(* Let $q\ge5$ be odd. The $\mathrm{Un}\Gamma$-lines (lines meeting the twisted cubic $\mathcal{C}$ in exactly one point and contained in no osculating plane) form two orbits under $G_q$, each of size $(q^3-q)/2$, namely $\{\ell_j\varphi:\varphi\in G_q\}$, $j=1,2$, where $P_0=P(0,0,0,1)$, $\ell_1$ is the line through $P_0$ and $P(1,0,1,0)$, $\ell_2$ is the line through $P_0$ and $P(1,0,\rho,0)$, and $\rho$ is a non-square in $\mathbb{F}_q$. Moreover, $\ell_1$ and $\ell_2$ are fixed by the same subgroup of $G_q$, of size $2$, each element of which has a matrix of the form $\begin{pmatrix}1&0&0&0\\0&d&0&0\\0&0&d^2&0\\0&0&0&d^3\end{pmatrix}$, $d\in\{1,-1\}$.
   Context: $\mathrm{PG}(3,q)$ has points $P(x_0,x_1,x_2,x_3)$; $\boldsymbol{\pi}(c_0,c_1,c_2,c_3)$ is the plane $c_0x_0+c_1x_1+c_2x_2+c_3x_3=0$. The twisted cubic is $\mathcal{C}=\{P(t^3,t^2,t,1):t\in\mathbb{F}_q\}\cup\{P(1,0,0,0)\}$; the osculating planes are $\boldsymbol{\pi}(1,-3t,3t^2,-t^3)$, $t\in\mathbb{F}_q$, and $\boldsymbol{\pi}(0,0,0,1)$. $G_q$ is the group of projectivities mapping $\mathcal{C}$ to itself; for $q\ge5$ its elements are $x\mapsto xM$ on row coordinate vectors, $M=\begin{pmatrix} a^3&a^2c&ac^2&c^3\\ 3a^2b&a^2d+2abc&bc^2+2acd&3c^2d\\ 3ab^2&b^2c+2abd&ad^2+2bcd&3cd^2\\ b^3&b^2d&bd^2&d^3\end{pmatrix}$, $ad-bc\ne0$, up to scalar. *)

theory Defs
  imports Main "HOL-Library.Cardinality"
begin

text \<open>A point P(x) of PG(3,q) is represented by the 1-dimensional
subspace it spans, a line by the 2-dimensional subspace it spans, and a
projectivity by its induced action on subspaces (so matrices differing by a
nonzero scalar give the same element).\<close>

type_synonym 'a vec4 = "'a \<times> 'a \<times> 'a \<times> 'a"

definition vzero :: "'a::field vec4" where
  "vzero = (0, 0, 0, 0)"

fun vadd :: "'a::field vec4 \<Rightarrow> 'a vec4 \<Rightarrow> 'a vec4" where
  "vadd (x0, x1, x2, x3) (y0, y1, y2, y3) = (x0 + y0, x1 + y1, x2 + y2, x3 + y3)"

fun smul :: "'a::field \<Rightarrow> 'a vec4 \<Rightarrow> 'a vec4" where
  "smul c (x0, x1, x2, x3) = (c * x0, c * x1, c * x2, c * x3)"

fun dot4 :: "'a::field vec4 \<Rightarrow> 'a vec4 \<Rightarrow> 'a" where
  "dot4 (c0, c1, c2, c3) (x0, x1, x2, x3) = c0 * x0 + c1 * x1 + c2 * x2 + c3 * x3"

definition subspaces :: "'a::field vec4 set set" where
  "subspaces = {S. vzero \<in> S \<and> (\<forall>x\<in>S. \<forall>y\<in>S. vadd x y \<in> S) \<and> (\<forall>c. \<forall>x\<in>S. smul c x \<in> S)}"
lemma ennreal_kernel_series_split:
  assumes "A \<le> j"
  shows "ennreal (kernel_series j) =
    (\<Sum>i. ennreal (weight_drop (A + int i) * real p powi (A + int i)) * (if A + int i \<le> j then 1 else 0)) +
    ennreal (kernel_series (A - 1))"
proof -
  define f where "f k = ennreal (weight_drop (j - int k) * real p powi (j - int k))" for k
  define n where "n = nat (j - A) + 1"
  have "ennreal (kernel_series j) = (\<Sum>k. f (k + n)) + (\<Sum>k<n. f k)"
    unfolding ennreal_kernel_series f_def by (rule suminf_offset) simp
  also have "(\<Sum>k. f (k + n)) = ennreal (kernel_series (A - 1))"
  proof -
    have e: "j - int (k + n) = A - 1 - int k" for k unfolding n_def using assms by simp
    show ?thesis unfolding ennreal_kernel_series f_def by (simp only: e)
  qed
  also have "(\<Sum>k<n. f k) = (\<Sum>i<n. f (n - Suc i))" by (rule sum.nat_diff_reindex[symmetric])
  also have "\<dots> = (\<Sum>i<n. ennreal (weight_drop (A + int i) * real p powi (A + int i)))"
  proof (rule sum.cong[OF refl])
    fix i assume "i \<in> {..<n}"
    then have "j - int (n - Suc i) = A + int i" unfolding n_def using assms by auto
    then show "f (n - Suc i) = ennreal (weight_drop (A + int i) * real p powi (A + int i))"
      unfolding f_def by simp
  qed
  also have "\<dots> = (\<Sum>i. ennreal (weight_drop (A + int i) * real p powi (A + int i)) *
      (if A + int i \<le> j then 1 else 0))"
  proof -
    have "A + int i \<le> j \<longleftrightarrow> i < n" for i unfolding n_def using assms by auto
    then show ?thesis by (subst suminf_finite[of "{..<n}"]) auto
  qed
  finally show ?thesis by (simp add: add.commute)
qed

definition ball_retention :: "int \<Rightarrow> real" where
  "ball_retention A = sphere_weight A + real p powi (- A) * kernel_series (A - 1)"

lemma ball_retention_nonneg: "0 \<le> ball_retention A"
  unfolding ball_retention_def using sphere_weight_pos[of A] ppow_pos[of "- A"] kernel_series_nonneg[of "A - 1"]
  by simp

text \<open>For c in the ball B of radius p^(-A), the integral of rho(t, y - c) over y in B does not
  depend on c: y - c has valuation j exactly on the shell of points that agree with c below j.\<close>

lemma pball_prho_expansion:
  assumes c: "c \<in> pball p pzero A" and y: "y \<in> Qp p" "y \<noteq> c"
  shows "indicator (pball p pzero A) y * ennreal (prho \<mu> p b \<sigma> t (psub p y c)) =
    (\<Sum>i. ennreal (weight_drop (A + int i) * real p powi (A + int i)) * indicator (pball p c (A + int i)) y) +
    ennreal (kernel_series (A - 1)) * indicator (pball p pzero A) y"
proof (cases "y \<in> pball p pzero A")
  case False
  then have "y \<notin> pball p c (A + int i)" for i using pball_subset_pball_pzero[OF c] by blast
  then show ?thesis using False by simp
next
  case True
  have cq: "c \<in> Qp p" using c unfolding pball_def by simp
  obtain j where j: "y j \<noteq> c j" "\<forall>i<j. y i = c i" using Qp_first_diff_digit[OF y(1) cq y(2)] by blast
  have "digits_agree A y c" using True c unfolding pball_def digits_agree_def by simp
  then have Aj: "A \<le> j" using digits_agree_iff_le[OF j] by simp
  have "indicator (pball p c (A + int i)) y = (if A + int i \<le> j then 1 else (0::ennreal))" for i
    using y(1) digits_agree_iff_le[OF j] unfolding pball_def by simp
  then show ?thesis
    using True unfolding prho_psub_first_diff[OF y(1) cq j] ennreal_kernel_series_split[OF Aj] by simp
qed

lemma nn_integral_pball_prho:
  assumes c: "c \<in> pball p pzero A"
  shows "(\<integral>\<^sup>+ y. indicator (pball p pzero A) y * ennreal (prho \<mu> p b \<sigma> t (psub p y c)) \<partial>\<mu>) =
    ennreal (ball_retention A)"
proof -
  have cq: "c \<in> Qp p" using c unfolding pball_def by simp
  define a where "a i = ennreal (weight_drop (A + int i) * real p powi (A + int i))" for i
  have "AE y in \<mu>. y \<noteq> c" by (rule AE_I'[OF singleton_null_sets[OF cq]]) auto
  then have "AE y in \<mu>. indicator (pball p pzero A) y * ennreal (prho \<mu> p b \<sigma> t (psub p y c)) =
      (\<Sum>i. a i * indicator (pball p c (A + int i)) y) +
      ennreal (kernel_series (A - 1)) * indicator (pball p pzero A) y"
    using AE_space unfolding a_def by eventually_elim (simp add: pball_prho_expansion[OF c])
  then have "(\<integral>\<^sup>+ y. indicator (pball p pzero A) y * ennreal (prho \<mu> p b \<sigma> t (psub p y c)) \<partial>\<mu>) =
      (\<integral>\<^sup>+ y. (\<Sum>i. a i * indicator (pball p c (A + int i)) y) +
        ennreal (kernel_series (A - 1)) * indicator (pball p pzero A) y \<partial>\<mu>)"
    by (rule nn_integral_cong_AE)
  also have "\<dots> = (\<Sum>i. a i * emeasure \<mu> (pball p c (A + int i))) +
      ennreal (kernel_series (A - 1)) * emeasure \<mu> (pball p pzero A)"
    by (subst nn_integral_add) (auto simp: nn_integral_suminf nn_integral_cmult)
  also have "(\<Sum>i. a i * emeasure \<mu> (pball p c (A + int i))) = (\<Sum>i. ennreal (weight_drop (A + int i)))"
  proof -
    have "a i * emeasure \<mu> (pball p c (A + int i)) = ennreal (weight_drop (A + int i))" for i
    proof -
      have "weight_drop (A + int i) * real p powi (A + int i) * real p powi (- (A + int i)) = weight_drop (A + int i)"
        using ppow_add[of "A + int i" "- (A + int i)"] by simp
      then show ?thesis unfolding a_def emeasure_pball[OF cq]
        using weight_drop_nonneg ppow_pos by (simp add: ennreal_mult[symmetric] less_imp_le mult.assoc)
    qed
    then show ?thesis by simp
  qed
  also have "(\<Sum>i. ennreal (weight_drop (A + int i))) = ennreal (sphere_weight A)"
    using weight_drop_up_sums[of A] weight_drop_nonneg by (simp add: suminf_ennreal2 sums_iff)
  also have "ennreal (sphere_weight A) + ennreal (kernel_series (A - 1)) * emeasure \<mu> (pball p pzero A) =
      ennreal (ball_retention A)"
  proof -
    have nonneg: "0 \<le> kernel_series (A - 1)" "0 \<le> real p powi (- A)" "0 \<le> sphere_weight A"
      using kernel_series_nonneg[of "A - 1"] ppow_pos[of "- A"] sphere_weight_pos[of A] by auto
    then have "ennreal (kernel_series (A - 1)) * ennreal (real p powi (- A)) =
        ennreal (real p powi (- A) * kernel_series (A - 1))"
      by (simp add: ennreal_mult[symmetric] mult.commute)
    then show ?thesis unfolding emeasure_pball_pzero ball_retention_def
      using nonneg by (simp add: ennreal_plus)
  qed
  finally show ?thesis .
qed

end

section \<open>Random walk in a ball\<close>

definition first_diff :: "(int \<Rightarrow> nat) \<Rightarrow> (int \<Rightarrow> nat) \<Rightarrow> int option" where
  "first_diff y c = (if y = c then None else Some (LEAST j. y j \<noteq> c j))"

context padic_haar
begin

lemma digit_eq_sets: "{x \<in> space (\<mu> \<Otimes>\<^sub>M \<mu>). fst x k = snd x k} \<in> sets (\<mu> \<Otimes>\<^sub>M \<mu>)"
proof -
  have "{x \<in> space (\<mu> \<Otimes>\<^sub>M \<mu>). fst x k = snd x k} =
      (\<Union>e<p. {y \<in> Qp p. y k = e} \<times> {y \<in> Qp p. y k = e})"
    using Qp_digit_less by (auto simp: space_pair_measure)
  also have "\<dots> \<in> sets (\<mu> \<Otimes>\<^sub>M \<mu>)"
    using digit_set_borel by (intro sets.finite_UN finite_lessThan ballI pair_measureI) auto
  finally show ?thesis .
qed
lemma chi4_mult:
  fixes m n :: int
  assumes "odd m" "odd n"
  shows "chi4 (m * n) = chi4 m * chi4 n"
proof -
  have "(m * n) mod 4 = (m mod 4) * (n mod 4) mod 4" by (simp add: mod_mult_eq)
  then show ?thesis
    using assms by (cases rule: odd_mod_4_cases[OF assms(1)];
                    cases rule: odd_mod_4_cases[OF assms(2)]) (simp_all add: chi4_def)
qed

lemma qr_sign_commute: "qr_sign m n = qr_sign n m"
  unfolding qr_sign_def by auto

lemma qr_sign_mult_right:
  fixes a b :: int
  assumes "odd a" "odd b"
  shows "qr_sign m (a * b) = qr_sign m a * qr_sign m b"
proof -
  have "(a * b) mod 4 = (a mod 4) * (b mod 4) mod 4" by (simp add: mod_mult_eq)
  then show ?thesis
    using assms by (cases rule: odd_mod_4_cases[OF assms(1)];
                    cases rule: odd_mod_4_cases[OF assms(2)]) (auto simp: qr_sign_def)
qed

lemma Legendre_minus_one:
  fixes p :: int
  assumes "prime p" "p > 2"
  shows "Legendre (-1) p = chi4 p"
proof (rule Legendre_eqI[OF assms])
  have "odd p" using assms prime_odd_int by blast
  then have "chi4 p = (-1) ^ nat ((p - 1) div 2)"
    using even_half_pred_iff[of p] assms(2) by (auto simp: chi4_def)
  then show "[chi4 p = (-1) ^ nat ((p - 1) div 2)] (mod p)" by simp
qed (simp add: chi4_def)

lemma Legendre_reciprocity:
  fixes p q :: int
  assumes "prime p" "p > 2" "prime q" "q > 2" "p \<noteq> q"
  shows "Legendre p q * Legendre q p = qr_sign p q"
proof -
  have "odd p" "odd q" using assms prime_odd_int by blast+
  have "Legendre p q * Legendre q p = (-1) ^ (nat ((p - 1) div 2) * nat ((q - 1) div 2))"
    using Quadratic_Reciprocity_int[of p q] assms by (simp add: nat_mult_distrib)
  then show ?thesis
    using even_half_pred_iff[OF \<open>odd p\<close>] even_half_pred_iff[OF \<open>odd q\<close>] assms
    by (cases rule: odd_mod_4_cases[OF \<open>odd p\<close>]; cases rule: odd_mod_4_cases[OF \<open>odd q\<close>])
       (auto simp: qr_sign_def)
qed

lemma Jacobi_eq_prod_superset:
  fixes n :: int
  assumes "finite P" "\<forall>p\<in>P. prime p" "prime_factors n \<subseteq> P" "n \<noteq> 0"
  shows "Jacobi a n = (\<Prod>p\<in>P. Legendre a p ^ multiplicity p n)"
  unfolding Jacobi_def
proof (rule prod.mono_neutral_left[OF assms(1,3)], intro ballI)
  fix p assume "p \<in> P - prime_factors n"
  then have "\<not> p dvd n" using assms(2,4) by (auto simp: in_prime_factors_iff)
  then show "Legendre a p ^ multiplicity p n = 1" by (simp add: not_dvd_imp_multiplicity_0)
qed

[Task item]
Working from the material above, retype exactly the lines from the one with "using weight_drop_up_sums[of A]" through the one with "then show ?thesis unfolding emeasure_pball_pzero", both included, and only those lines.

[Exercise result]
    using weight_drop_up_sums[of A] weight_drop_nonneg by (simp add: suminf_ennreal2 sums_iff)
  also have "ennreal (sphere_weight A) + ennreal (kernel_series (A - 1)) * emeasure \<mu> (pball p pzero A) =
      ennreal (ball_retention A)"
  proof -
    have nonneg: "0 \<le> kernel_series (A - 1)" "0 \<le> real p powi (- A)" "0 \<le> sphere_weight A"
      using kernel_series_nonneg[of "A - 1"] ppow_pos[of "- A"] sphere_weight_pos[of A] by auto
    then have "ennreal (kernel_series (A - 1)) * ennreal (real p powi (- A)) =
        ennreal (real p powi (- A) * kernel_series (A - 1))"
      by (simp add: ennreal_mult[symmetric] mult.commute)
    then show ?thesis unfolding emeasure_pball_pzero ball_retention_def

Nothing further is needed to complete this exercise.